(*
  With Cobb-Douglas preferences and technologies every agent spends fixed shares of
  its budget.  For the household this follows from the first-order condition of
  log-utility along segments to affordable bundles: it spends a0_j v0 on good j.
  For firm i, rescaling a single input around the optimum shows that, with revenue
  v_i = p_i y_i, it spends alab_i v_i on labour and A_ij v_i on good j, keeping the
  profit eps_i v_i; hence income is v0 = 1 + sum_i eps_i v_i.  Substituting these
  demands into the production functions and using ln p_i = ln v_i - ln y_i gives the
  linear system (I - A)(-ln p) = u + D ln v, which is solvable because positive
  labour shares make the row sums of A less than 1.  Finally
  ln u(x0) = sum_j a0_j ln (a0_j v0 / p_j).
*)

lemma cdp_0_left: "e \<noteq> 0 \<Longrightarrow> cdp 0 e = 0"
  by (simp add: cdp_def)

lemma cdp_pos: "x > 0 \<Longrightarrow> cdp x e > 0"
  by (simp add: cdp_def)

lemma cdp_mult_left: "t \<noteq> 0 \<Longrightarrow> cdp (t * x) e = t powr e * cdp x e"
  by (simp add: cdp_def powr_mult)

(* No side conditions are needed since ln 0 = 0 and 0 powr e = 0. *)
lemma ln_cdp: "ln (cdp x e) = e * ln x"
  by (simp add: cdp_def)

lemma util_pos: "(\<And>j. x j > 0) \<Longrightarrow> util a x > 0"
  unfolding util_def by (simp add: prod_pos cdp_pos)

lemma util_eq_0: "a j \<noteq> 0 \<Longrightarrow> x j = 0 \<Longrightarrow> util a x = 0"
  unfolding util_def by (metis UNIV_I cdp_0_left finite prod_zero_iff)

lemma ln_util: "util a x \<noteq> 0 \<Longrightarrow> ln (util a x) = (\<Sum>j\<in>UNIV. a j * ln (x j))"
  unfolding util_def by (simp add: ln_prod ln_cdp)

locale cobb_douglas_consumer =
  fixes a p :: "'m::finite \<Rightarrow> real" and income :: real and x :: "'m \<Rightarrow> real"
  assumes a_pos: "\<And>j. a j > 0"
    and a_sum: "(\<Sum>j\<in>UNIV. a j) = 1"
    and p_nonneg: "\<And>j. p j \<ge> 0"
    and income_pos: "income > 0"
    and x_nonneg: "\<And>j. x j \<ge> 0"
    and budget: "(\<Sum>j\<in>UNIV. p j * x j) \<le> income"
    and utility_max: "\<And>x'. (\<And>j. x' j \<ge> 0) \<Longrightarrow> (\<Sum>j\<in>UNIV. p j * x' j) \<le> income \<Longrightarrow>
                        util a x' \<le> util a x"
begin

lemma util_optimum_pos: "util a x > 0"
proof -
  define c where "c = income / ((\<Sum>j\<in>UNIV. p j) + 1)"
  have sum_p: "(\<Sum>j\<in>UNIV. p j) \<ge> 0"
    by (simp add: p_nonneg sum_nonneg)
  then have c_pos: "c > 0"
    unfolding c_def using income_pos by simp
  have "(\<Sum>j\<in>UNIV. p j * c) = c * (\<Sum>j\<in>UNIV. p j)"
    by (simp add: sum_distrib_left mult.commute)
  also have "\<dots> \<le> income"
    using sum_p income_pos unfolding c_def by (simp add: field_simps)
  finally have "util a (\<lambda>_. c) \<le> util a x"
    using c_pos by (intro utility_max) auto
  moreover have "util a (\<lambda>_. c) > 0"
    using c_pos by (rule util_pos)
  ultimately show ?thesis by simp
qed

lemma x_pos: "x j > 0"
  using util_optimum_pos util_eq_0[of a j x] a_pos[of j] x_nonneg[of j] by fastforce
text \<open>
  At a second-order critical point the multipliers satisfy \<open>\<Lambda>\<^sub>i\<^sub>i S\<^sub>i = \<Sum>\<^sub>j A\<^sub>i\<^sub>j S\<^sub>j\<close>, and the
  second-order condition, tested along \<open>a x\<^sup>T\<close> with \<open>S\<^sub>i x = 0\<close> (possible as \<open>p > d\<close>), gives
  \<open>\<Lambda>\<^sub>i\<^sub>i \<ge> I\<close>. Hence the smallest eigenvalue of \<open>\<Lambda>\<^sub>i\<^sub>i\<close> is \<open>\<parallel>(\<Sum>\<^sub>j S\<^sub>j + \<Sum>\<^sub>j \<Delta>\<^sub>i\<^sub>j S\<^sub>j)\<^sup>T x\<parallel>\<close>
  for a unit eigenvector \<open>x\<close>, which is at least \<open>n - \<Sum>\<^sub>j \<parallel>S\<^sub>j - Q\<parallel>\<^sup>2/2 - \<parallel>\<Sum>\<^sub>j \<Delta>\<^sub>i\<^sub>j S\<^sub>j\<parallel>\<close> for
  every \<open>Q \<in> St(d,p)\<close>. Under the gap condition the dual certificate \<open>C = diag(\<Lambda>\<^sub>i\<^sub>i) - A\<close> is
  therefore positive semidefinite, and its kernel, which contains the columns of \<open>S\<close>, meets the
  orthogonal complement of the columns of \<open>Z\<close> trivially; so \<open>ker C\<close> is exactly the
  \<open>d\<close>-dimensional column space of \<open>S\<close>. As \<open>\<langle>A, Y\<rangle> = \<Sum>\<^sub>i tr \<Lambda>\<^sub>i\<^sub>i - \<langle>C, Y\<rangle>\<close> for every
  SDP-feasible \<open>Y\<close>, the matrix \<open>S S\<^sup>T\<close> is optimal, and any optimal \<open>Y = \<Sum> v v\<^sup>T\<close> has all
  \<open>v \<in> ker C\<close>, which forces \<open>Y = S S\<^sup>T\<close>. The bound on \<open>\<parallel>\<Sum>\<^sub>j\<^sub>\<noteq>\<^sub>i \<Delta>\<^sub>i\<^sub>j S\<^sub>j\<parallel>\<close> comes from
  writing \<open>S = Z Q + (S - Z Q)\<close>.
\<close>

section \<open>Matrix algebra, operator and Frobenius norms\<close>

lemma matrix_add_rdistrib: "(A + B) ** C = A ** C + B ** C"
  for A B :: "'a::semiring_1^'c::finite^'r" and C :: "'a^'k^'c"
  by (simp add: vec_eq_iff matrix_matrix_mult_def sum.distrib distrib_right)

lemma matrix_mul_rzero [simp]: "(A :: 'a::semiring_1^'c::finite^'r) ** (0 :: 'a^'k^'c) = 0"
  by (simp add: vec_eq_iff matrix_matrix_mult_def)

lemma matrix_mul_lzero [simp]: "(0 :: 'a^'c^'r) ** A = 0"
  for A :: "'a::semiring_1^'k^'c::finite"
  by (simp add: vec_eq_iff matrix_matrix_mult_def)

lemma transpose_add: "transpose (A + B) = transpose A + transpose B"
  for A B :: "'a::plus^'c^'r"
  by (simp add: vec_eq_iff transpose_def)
⁂
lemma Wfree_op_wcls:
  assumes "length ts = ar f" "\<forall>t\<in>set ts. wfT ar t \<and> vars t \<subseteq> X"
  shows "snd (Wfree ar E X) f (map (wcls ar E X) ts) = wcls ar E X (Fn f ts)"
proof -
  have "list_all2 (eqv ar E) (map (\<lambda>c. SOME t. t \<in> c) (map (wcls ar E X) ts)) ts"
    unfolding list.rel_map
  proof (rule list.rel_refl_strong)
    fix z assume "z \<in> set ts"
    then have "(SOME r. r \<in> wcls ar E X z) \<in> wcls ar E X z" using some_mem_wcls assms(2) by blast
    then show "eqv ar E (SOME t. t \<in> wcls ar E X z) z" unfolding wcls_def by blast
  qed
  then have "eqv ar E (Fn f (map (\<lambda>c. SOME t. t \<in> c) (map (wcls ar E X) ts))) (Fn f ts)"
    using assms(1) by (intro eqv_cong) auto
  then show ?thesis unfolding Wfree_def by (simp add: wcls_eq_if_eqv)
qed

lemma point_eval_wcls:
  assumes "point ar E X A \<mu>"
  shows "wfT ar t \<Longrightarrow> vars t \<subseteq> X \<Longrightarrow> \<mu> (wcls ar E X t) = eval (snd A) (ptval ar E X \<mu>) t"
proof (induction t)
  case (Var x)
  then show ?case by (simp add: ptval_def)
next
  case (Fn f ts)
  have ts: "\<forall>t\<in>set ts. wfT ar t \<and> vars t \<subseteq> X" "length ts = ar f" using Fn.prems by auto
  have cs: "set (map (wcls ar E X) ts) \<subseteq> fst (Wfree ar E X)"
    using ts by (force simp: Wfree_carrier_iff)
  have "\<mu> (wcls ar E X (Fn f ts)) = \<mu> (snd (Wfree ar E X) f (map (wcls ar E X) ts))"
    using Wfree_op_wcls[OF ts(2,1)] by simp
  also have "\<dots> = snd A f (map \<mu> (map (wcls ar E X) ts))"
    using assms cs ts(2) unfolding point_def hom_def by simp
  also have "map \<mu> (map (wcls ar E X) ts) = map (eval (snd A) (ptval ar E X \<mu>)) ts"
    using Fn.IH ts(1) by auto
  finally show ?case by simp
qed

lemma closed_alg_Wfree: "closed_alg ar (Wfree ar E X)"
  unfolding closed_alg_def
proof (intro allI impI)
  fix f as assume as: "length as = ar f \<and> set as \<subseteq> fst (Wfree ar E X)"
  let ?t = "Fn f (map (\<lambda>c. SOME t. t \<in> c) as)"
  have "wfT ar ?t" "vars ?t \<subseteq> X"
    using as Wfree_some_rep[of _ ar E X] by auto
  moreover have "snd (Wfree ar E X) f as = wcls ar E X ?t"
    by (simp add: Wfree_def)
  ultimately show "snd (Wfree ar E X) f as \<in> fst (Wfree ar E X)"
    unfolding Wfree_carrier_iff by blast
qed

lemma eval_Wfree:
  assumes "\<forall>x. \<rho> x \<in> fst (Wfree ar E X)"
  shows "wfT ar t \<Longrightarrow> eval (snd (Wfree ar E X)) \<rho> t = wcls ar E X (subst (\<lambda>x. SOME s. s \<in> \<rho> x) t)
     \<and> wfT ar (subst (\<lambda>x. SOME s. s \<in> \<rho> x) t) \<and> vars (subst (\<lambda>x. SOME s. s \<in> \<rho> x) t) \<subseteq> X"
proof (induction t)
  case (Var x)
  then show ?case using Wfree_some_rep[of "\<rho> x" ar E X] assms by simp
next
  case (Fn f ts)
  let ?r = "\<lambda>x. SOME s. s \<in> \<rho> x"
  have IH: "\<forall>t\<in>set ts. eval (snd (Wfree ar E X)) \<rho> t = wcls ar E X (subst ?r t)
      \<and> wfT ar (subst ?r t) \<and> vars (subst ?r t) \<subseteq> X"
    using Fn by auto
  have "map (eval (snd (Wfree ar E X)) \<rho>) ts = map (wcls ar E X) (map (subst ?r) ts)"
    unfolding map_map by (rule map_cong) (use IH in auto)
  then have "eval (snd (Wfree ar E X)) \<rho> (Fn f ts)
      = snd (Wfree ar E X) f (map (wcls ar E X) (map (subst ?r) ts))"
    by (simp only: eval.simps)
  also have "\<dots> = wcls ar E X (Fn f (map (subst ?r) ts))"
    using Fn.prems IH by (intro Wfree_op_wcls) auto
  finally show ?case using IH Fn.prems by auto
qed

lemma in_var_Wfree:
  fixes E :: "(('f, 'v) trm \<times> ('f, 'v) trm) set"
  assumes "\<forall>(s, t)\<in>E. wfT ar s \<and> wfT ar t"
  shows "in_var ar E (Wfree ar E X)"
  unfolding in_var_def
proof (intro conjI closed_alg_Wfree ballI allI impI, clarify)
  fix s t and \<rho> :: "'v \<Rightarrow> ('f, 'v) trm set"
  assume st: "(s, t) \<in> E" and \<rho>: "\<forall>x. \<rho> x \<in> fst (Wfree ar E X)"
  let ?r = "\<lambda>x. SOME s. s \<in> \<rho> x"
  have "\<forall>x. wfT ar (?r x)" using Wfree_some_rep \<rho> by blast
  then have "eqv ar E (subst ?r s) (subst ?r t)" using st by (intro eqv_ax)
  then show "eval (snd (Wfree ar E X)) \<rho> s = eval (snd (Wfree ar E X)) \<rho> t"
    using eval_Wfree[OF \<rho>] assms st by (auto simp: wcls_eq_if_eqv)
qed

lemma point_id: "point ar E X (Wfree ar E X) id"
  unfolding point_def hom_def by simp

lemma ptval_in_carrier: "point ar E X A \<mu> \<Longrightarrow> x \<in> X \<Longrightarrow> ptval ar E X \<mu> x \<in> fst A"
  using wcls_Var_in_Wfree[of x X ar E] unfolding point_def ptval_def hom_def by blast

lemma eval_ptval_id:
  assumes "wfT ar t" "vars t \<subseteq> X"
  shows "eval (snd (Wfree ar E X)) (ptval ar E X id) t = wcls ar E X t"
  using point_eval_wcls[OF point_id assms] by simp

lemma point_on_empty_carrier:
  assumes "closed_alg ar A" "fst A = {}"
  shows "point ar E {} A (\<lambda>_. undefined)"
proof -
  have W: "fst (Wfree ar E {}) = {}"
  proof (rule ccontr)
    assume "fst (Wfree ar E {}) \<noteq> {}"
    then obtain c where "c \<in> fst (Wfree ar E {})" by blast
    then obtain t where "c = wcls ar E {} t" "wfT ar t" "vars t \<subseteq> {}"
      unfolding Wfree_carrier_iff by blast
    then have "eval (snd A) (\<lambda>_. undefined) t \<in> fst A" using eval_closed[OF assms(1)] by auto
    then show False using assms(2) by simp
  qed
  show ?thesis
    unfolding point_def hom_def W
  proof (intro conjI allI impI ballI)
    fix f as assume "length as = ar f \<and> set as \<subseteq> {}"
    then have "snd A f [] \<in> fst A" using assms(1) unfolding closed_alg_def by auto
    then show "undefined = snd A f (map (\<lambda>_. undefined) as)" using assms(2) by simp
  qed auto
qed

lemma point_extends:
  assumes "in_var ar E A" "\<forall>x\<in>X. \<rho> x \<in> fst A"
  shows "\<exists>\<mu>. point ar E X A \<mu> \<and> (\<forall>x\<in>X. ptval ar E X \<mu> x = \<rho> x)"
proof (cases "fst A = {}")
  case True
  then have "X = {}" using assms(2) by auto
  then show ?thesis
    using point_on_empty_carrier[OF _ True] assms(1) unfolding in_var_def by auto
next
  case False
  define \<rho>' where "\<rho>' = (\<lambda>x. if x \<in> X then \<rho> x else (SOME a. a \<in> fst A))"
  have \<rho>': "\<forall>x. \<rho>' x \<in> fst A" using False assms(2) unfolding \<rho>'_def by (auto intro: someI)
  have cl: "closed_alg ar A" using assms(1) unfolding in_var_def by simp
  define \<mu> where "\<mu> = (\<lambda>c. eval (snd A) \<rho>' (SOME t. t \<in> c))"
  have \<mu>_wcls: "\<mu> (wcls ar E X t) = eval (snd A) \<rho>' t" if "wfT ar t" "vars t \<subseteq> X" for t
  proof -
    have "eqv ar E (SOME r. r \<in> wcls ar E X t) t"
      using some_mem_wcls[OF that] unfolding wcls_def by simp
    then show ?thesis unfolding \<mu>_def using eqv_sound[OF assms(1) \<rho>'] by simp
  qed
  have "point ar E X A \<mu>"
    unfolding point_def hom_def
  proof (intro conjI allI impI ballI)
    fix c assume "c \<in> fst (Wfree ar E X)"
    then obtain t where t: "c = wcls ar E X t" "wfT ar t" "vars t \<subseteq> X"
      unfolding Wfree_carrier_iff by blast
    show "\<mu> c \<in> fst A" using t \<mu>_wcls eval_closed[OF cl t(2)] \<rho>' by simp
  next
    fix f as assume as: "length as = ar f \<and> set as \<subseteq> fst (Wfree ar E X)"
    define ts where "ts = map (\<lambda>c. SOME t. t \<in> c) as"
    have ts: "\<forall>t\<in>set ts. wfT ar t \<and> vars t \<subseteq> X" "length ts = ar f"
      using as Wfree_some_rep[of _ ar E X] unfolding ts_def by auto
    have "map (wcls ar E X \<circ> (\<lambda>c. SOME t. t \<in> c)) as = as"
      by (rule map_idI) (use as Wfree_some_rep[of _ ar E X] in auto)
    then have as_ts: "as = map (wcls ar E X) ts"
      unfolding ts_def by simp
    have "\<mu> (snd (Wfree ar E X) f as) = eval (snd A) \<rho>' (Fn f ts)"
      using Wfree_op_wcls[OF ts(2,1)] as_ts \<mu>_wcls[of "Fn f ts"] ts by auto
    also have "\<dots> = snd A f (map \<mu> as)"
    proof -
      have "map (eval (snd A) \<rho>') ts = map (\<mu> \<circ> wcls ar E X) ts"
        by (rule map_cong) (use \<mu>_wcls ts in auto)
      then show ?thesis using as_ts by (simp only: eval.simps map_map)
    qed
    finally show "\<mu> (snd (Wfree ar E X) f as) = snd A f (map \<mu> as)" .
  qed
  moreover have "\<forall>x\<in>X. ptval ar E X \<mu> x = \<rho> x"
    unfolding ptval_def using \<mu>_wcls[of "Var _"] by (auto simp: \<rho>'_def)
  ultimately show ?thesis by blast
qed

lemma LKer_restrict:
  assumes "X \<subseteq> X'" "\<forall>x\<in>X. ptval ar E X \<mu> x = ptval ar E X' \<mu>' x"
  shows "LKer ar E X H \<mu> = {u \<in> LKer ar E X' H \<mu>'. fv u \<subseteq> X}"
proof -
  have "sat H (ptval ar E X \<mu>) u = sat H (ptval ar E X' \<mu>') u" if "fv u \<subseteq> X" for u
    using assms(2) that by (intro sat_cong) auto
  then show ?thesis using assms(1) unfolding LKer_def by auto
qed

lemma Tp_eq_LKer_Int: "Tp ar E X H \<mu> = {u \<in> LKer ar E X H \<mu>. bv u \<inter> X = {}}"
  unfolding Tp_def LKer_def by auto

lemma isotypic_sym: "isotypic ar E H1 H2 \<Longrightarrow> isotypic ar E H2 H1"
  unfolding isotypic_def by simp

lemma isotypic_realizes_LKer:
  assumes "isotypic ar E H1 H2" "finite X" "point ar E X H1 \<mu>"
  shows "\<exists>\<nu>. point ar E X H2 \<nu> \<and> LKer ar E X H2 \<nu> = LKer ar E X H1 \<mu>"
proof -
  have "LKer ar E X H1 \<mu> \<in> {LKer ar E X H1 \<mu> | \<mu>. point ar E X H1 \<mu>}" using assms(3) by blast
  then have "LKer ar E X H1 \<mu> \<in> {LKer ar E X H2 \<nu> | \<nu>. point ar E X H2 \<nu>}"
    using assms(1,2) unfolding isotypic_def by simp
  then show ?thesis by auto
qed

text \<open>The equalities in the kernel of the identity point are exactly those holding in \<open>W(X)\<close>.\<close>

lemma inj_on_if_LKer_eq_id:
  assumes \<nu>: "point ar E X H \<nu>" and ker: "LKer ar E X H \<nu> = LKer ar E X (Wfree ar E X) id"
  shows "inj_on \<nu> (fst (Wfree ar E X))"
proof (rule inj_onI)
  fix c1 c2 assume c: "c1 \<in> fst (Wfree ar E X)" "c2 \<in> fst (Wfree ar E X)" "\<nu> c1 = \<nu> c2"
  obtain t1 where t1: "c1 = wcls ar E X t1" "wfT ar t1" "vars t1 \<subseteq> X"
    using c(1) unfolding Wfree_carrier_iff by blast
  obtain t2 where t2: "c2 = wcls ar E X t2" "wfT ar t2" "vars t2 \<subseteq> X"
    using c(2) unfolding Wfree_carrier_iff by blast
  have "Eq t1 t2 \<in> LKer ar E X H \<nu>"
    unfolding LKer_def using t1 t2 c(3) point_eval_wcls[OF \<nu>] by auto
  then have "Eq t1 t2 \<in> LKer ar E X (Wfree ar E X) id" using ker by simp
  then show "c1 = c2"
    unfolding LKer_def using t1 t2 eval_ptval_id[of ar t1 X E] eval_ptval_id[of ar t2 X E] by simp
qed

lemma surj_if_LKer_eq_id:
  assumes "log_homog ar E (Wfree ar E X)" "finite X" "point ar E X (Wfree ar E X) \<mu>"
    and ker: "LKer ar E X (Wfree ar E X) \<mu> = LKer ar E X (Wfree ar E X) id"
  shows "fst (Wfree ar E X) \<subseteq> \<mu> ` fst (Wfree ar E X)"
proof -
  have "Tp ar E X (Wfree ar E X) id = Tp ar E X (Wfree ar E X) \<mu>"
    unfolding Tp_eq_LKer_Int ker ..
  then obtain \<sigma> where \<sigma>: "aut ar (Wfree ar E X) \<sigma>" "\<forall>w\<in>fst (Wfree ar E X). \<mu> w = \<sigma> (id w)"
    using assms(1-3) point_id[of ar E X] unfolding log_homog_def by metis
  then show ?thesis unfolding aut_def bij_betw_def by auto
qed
⁂
#### Exercise details:
Copy the stretch of the records above that runs from the line with "define c where" through the line with "unfolding c_def using income_pos by simp". Both end lines belong in the copy, and nothing else does.

#### Exercise solution:
  define c where "c = income / ((\<Sum>j\<in>UNIV. p j) + 1)"
  have sum_p: "(\<Sum>j\<in>UNIV. p j) \<ge> 0"
    by (simp add: p_nonneg sum_nonneg)
  then have c_pos: "c > 0"
    unfolding c_def using income_pos by simp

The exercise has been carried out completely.